Comment by alexflint on Agency in Conway’s Game of Life · 2021-06-03T16:24:26.704Z · LW · GW

Thank you for this thoughtful comment itaibn0.

Matter and energy and also approximately homogeneously distributed in our own physical universe, yet building a small device that expands its influence over time and eventually rearranges the cosmos into a non-trivial pattern would seem to require something like an AI.

It might be that the same feat can be accomplished in Life using a pattern that is quite unintelligent. In that case I am very interested in what it is about our own physical universe that makes it different in this respect from Life.

Now it could actually be that in our own physical universe it is also possible to build not-very-intelligent machines that begin small but eventually rearrange the cosmos. In this case I am personally more interested in the nature of these machines than in "intelligent machines", because the reason I am interested in intelligence in the first place is due to its capacity to influence the future in a directed way, and if there are simpler avenues to influence in the future in a directed way then I'd rather spend my energy investigating those avenues than investigating AI. But I don't think it's possible to influence the future in a directed way in our own physical universe without being intelligent.

to solve the control problem in an environment full of intelligence only requires marginally more intelligence at best

What do you mean by this?

the solution to the control problem may even be less intelligent than the structures it competes against, and make up for that with hard-coded solutions to NP-hard problems in military strategy.

But if one entity reliably outcompetes another entity, then on what basis do you say that this other entity is the more intelligent one?

Comment by alexflint on Knowledge is not just map/territory resemblance · 2021-05-26T16:41:45.038Z · LW · GW

Thank you for the kind words Jemist.

Yeah I'm open to improvements upon the use of the word "knowledge" because you're right that what I'm describing here isn't quite what either philosophers or cognitive scientists refer to as knowledge.

Yes knowledge-accumulating systems do seem to be a special case of optimizing systems.
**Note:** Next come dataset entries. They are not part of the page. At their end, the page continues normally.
(* For $\varepsilon\ge0$ let $\psi_\varepsilon(a,b)=a+b-\sqrt{a^2+b^2+2\varepsilon^2}$, $\Psi_\varepsilon(y,z)=(\psi_\varepsilon(y_1,z_1),\dots,\psi_\varepsilon(y_p,z_p))$ for $y,z\in\mathbb R^p$, and $\Theta(\varepsilon)=\{(y,z)\in\mathbb R^p\times\mathbb R^p:\Psi_\varepsilon(y,z)=0\}$. Then $\lim_{\varepsilon\searrow0}\Theta(\varepsilon)=\Theta(0)$ in the sense of Painlevé–Kuratowski set convergence, where $\Theta(0)=\{(y,z):0\le y\perp z\ge0\}$.
   Context: Painlevé–Kuratowski convergence means $\limsup_{\varepsilon\searrow0}\Theta(\varepsilon)\subset\Theta(0)\subset\liminf_{\varepsilon\searrow0}\Theta(\varepsilon)$ (outer and inner limits of sets). *)

theory Defs
  imports "HOL-Analysis.Analysis"
begin

definition psi :: "real \<Rightarrow> real \<Rightarrow> real \<Rightarrow> real" where
  "psi eps a b = a + b - sqrt (a\<^sup>2 + b\<^sup>2 + 2 * eps\<^sup>2)"

definition Psi :: "real \<Rightarrow> real^'p \<Rightarrow> real^'p \<Rightarrow> real^'p" where
  "Psi eps y z = (\<chi> i. psi eps (y $ i) (z $ i))"

definition Theta :: "real \<Rightarrow> ((real^'p) \<times> (real^'p)) set" where
  "Theta eps = {(y, z). Psi eps y z = 0}"

definition outer_limit_right0 :: "(real \<Rightarrow> 'a::metric_space set) \<Rightarrow> 'a set" where
  "outer_limit_right0 S = {x. \<exists>e xs. (\<forall>k. e k > 0) \<and> e \<longlonglongrightarrow> 0 \<and>
       (\<forall>k. xs k \<in> S (e k)) \<and> xs \<longlonglongrightarrow> x}"

definition inner_limit_right0 :: "(real \<Rightarrow> 'a::metric_space set) \<Rightarrow> 'a set" where
  "inner_limit_right0 S = {x. \<forall>e. (\<forall>k. e k > 0) \<and> e \<longlonglongrightarrow> 0 \<longrightarrow>
       (\<exists>xs. (\<forall>\<^sub>F k in sequentially. xs k \<in> S (e k)) \<and> xs \<longlonglongrightarrow> x)}"

end

theory Submission
  imports Defs
begin

text \<open>Outer limit: Theta has a closed graph in (eps, y, z), since Psi is jointly continuous,
  so limits of points of Theta(eps_k) with eps_k \<rightarrow> 0 lie in Theta(0).
  Inner limit: for 0 \<le> a \<perp> b \<ge> 0 put d = a - b; the point of the curve psi_eps = 0 whose
  coordinates differ by d depends continuously on eps and equals (a, b) at eps = 0.
  Theta(0) is the complementarity set because psi_0(a, b) = 0 says sqrt(a^2 + b^2) = a + b.\<close>

lemma outer_limit_right0_subset_if_closed_graph:
  fixes S :: "real \<Rightarrow> 'a::metric_space set"
  assumes "closed {(e, x). x \<in> S e}"
  shows "outer_limit_right0 S \<subseteq> S 0"
proof
  fix x assume "x \<in> outer_limit_right0 S"
  then obtain e xs where e: "e \<longlonglongrightarrow> 0" and xs: "\<And>k. xs k \<in> S (e k)" "xs \<longlonglongrightarrow> x"
    unfolding outer_limit_right0_def by blast
  have "(0, x) \<in> {(e, x). x \<in> S e}"
  proof (rule closed_sequentially[OF assms])
    show "(e k, xs k) \<in> {(e, x). x \<in> S e}" for k
      using xs(1) by simp
    show "(\<lambda>k. (e k, xs k)) \<longlonglongrightarrow> (0, x)"
      using e xs(2) by (rule tendsto_Pair)
  qed
  then show "x \<in> S 0"
    by simp
qed

lemma inner_limit_right0_if_tendsto_selection:
  fixes S :: "real \<Rightarrow> 'a::metric_space set"
  assumes "\<And>e. e > 0 \<Longrightarrow> g e \<in> S e" and "(g \<longlongrightarrow> x) (at_right 0)"
  shows "x \<in> inner_limit_right0 S"
  unfolding inner_limit_right0_def
proof (intro CollectI allI impI)
  fix e :: "nat \<Rightarrow> real"
  assume e: "(\<forall>k. e k > 0) \<and> e \<longlonglongrightarrow> 0"
  show "\<exists>xs. (\<forall>\<^sub>F k in sequentially. xs k \<in> S (e k)) \<and> xs \<longlonglongrightarrow> x"
  proof (intro exI conjI)
    show "\<forall>\<^sub>F k in sequentially. g (e k) \<in> S (e k)"
      using e assms(1) by (simp add: always_eventually)
    have "filterlim e (at_right 0) sequentially"
      using e by (auto simp: filterlim_at less_imp_neq[symmetric] intro!: always_eventually)
    then show "(\<lambda>k. g (e k)) \<longlonglongrightarrow> x"
      by (rule filterlim_compose[OF assms(2)])
  qed
qed

lemma psi_zero_eq_0_iff: "psi 0 a b = 0 \<longleftrightarrow> 0 \<le> a \<and> 0 \<le> b \<and> a * b = 0"
proof
  assume "psi 0 a b = 0"
  then have s: "sqrt (a\<^sup>2 + b\<^sup>2) = a + b"
    by (simp add: psi_def)
  then have "a\<^sup>2 + b\<^sup>2 = (a + b)\<^sup>2"
    by (metis add_nonneg_nonneg real_sqrt_pow2 zero_le_power2)
  then have "a * b = 0"
    by (simp add: power2_eq_square algebra_simps)
  moreover have "0 \<le> a + b"
    using s by (metis real_sqrt_ge_zero add_nonneg_nonneg zero_le_power2)
  ultimately show "0 \<le> a \<and> 0 \<le> b \<and> a * b = 0"
    by auto
next
  assume "0 \<le> a \<and> 0 \<le> b \<and> a * b = 0"
  then show "psi 0 a b = 0"
    by (auto simp: psi_def)
qed

lemma Psi_eq_0_iff: "Psi e y z = 0 \<longleftrightarrow> (\<forall>i. psi e (y $ i) (z $ i) = 0)"
  by (simp add: Psi_def vec_eq_iff)

lemma inner_eq_0_iff_nonneg:
  fixes y z :: "real^'n"
  assumes "\<And>i. 0 \<le> y $ i" and "\<And>i. 0 \<le> z $ i"
  shows "y \<bullet> z = 0 \<longleftrightarrow> (\<forall>i. y $ i * z $ i = 0)"
  unfolding inner_vec_def using assms by (simp add: sum_nonneg_eq_0_iff)

lemma Theta_zero_eq:
  "(Theta 0 :: ((real^'p) \<times> (real^'p)) set) =
     {(y, z). (\<forall>i. 0 \<le> y $ i) \<and> (\<forall>i. 0 \<le> z $ i) \<and> y \<bullet> z = 0}"
proof -
  have "Psi 0 y z = 0 \<longleftrightarrow> (\<forall>i. 0 \<le> y $ i) \<and> (\<forall>i. 0 \<le> z $ i) \<and> y \<bullet> z = 0"
    for y z :: "real^'p"
    using inner_eq_0_iff_nonneg[of y z] by (auto simp: Psi_eq_0_iff psi_zero_eq_0_iff)
  then show ?thesis
    by (auto simp: Theta_def)
qed

lemma closed_graph_Theta: "closed {(e, x). x \<in> (Theta e :: ((real^'p) \<times> (real^'p)) set)}"
proof -
  have "{(e, x). x \<in> (Theta e :: ((real^'p) \<times> (real^'p)) set)} =
      (\<Inter>i. {(e, y, z). psi e (y $ i) (z $ i) = 0})"
    by (auto simp: Theta_def Psi_eq_0_iff)
  also have "closed \<dots>"
    unfolding psi_def case_prod_unfold
    by (intro closed_INT ballI closed_Collect_eq continuous_intros)
  finally show ?thesis .
qed

text \<open>(psi_root_fst e d, psi_root_snd e d) is the intersection of the curve psi e a b = 0
  with the line a - b = d.\<close>
definition psi_root_fst :: "real \<Rightarrow> real \<Rightarrow> real" where
  "psi_root_fst e d = (d + sqrt (d\<^sup>2 + 4 * e\<^sup>2)) / 2"

definition psi_root_snd :: "real \<Rightarrow> real \<Rightarrow> real" where
  "psi_root_snd e d = (sqrt (d\<^sup>2 + 4 * e\<^sup>2) - d) / 2"

lemma psi_psi_root: "psi e (psi_root_fst e d) (psi_root_snd e d) = 0"
proof -
  define s where "s = sqrt (d\<^sup>2 + 4 * e\<^sup>2)"
  have "s\<^sup>2 = d\<^sup>2 + 4 * e\<^sup>2"
    by (simp add: s_def)
  then have "(psi_root_fst e d)\<^sup>2 + (psi_root_snd e d)\<^sup>2 + 2 * e\<^sup>2 = s\<^sup>2"
    unfolding psi_root_fst_def psi_root_snd_def s_def[symmetric]
    by (simp add: power2_eq_square field_simps)
  moreover have "psi_root_fst e d + psi_root_snd e d = s"
    by (simp add: psi_root_fst_def psi_root_snd_def s_def field_simps)
  ultimately show ?thesis
    by (simp add: psi_def s_def)
qed

lemma psi_root_zero_complementary:
  assumes "0 \<le> a" "0 \<le> b" "a * b = 0"
  shows "psi_root_fst 0 (a - b) = a" "psi_root_snd 0 (a - b) = b"
  using assms by (auto simp: psi_root_fst_def psi_root_snd_def)

lemma continuous_psi_root [continuous_intros]:
  "continuous_on UNIV (\<lambda>e. psi_root_fst e d)" "continuous_on UNIV (\<lambda>e. psi_root_snd e d)"
  unfolding psi_root_fst_def psi_root_snd_def by (intro continuous_intros; simp)+

lemma Theta_zero_subset_inner_limit:
  "Theta 0 \<subseteq> inner_limit_right0 (Theta :: real \<Rightarrow> ((real^'p) \<times> (real^'p)) set)"
proof
  fix x :: "(real^'p) \<times> (real^'p)"
  assume "x \<in> Theta 0"
  then obtain y z where x: "x = (y, z)" and yz: "\<And>i. 0 \<le> y $ i \<and> 0 \<le> z $ i \<and> y $ i * z $ i = 0"
    by (cases x) (auto simp: Theta_def Psi_eq_0_iff psi_zero_eq_0_iff)
  define g where "g e = ((\<chi> i. psi_root_fst e (y $ i - z $ i)) :: real^'p,
                         (\<chi> i. psi_root_snd e (y $ i - z $ i)) :: real^'p)" for e
  have "g e \<in> Theta e" for e
    by (simp add: g_def Theta_def Psi_eq_0_iff psi_psi_root)
  moreover have "continuous_on UNIV g"
    unfolding g_def by (intro continuous_intros continuous_on_vec_lambda)
  then have "(g \<longlongrightarrow> g 0) (at_right 0)"
    by (simp add: continuous_on_def filterlim_at_split)
  moreover have "g 0 = x"
    using yz by (simp add: g_def x vec_eq_iff psi_root_zero_complementary)
  ultimately show "x \<in> inner_limit_right0 Theta"
    by (intro inner_limit_right0_if_tendsto_selection) auto
qed

theorem lemma4p2:
  shows "outer_limit_right0 (Theta :: real \<Rightarrow> ((real^'p) \<times> (real^'p)) set) \<subseteq> Theta 0
       \<and> Theta 0 \<subseteq> inner_limit_right0 (Theta :: real \<Rightarrow> ((real^'p) \<times> (real^'p)) set)
       \<and> (Theta 0 :: ((real^'p) \<times> (real^'p)) set) =
           {(y, z). (\<forall>i. 0 \<le> y $ i) \<and> (\<forall>i. 0 \<le> z $ i) \<and> y \<bullet> z = 0}"
  by (intro conjI outer_limit_right0_subset_if_closed_graph closed_graph_Theta
      Theta_zero_subset_inner_limit Theta_zero_eq)

end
It may be that among all optimizing systems, it is precisely the ones that accumulate knowledge in the process of optimization that are of most interest to us from an alignment perspective, because knowledge-accumulating optimizing systems are (perhaps) the most powerful of all optimizing systems.

Comment by alexflint on Knowledge is not just map/territory resemblance · 2021-05-26T06:08:38.660Z · LW · GW

Dang, the images in this post are totally off. I have a script that converts a google doc to markdown, then I proofread the markdown, but the images don't show up in the editor, and it looks like my script is off. Will fix tomorrow.

Update: fixed

Comment by alexflint on Concerning not getting lost · 2021-05-25T18:02:30.293Z · LW · GW

Romeo I listened to your dialog. I hear that you are working on the is/ought gap from the ought side. If I may ask, what is the purpose of this work?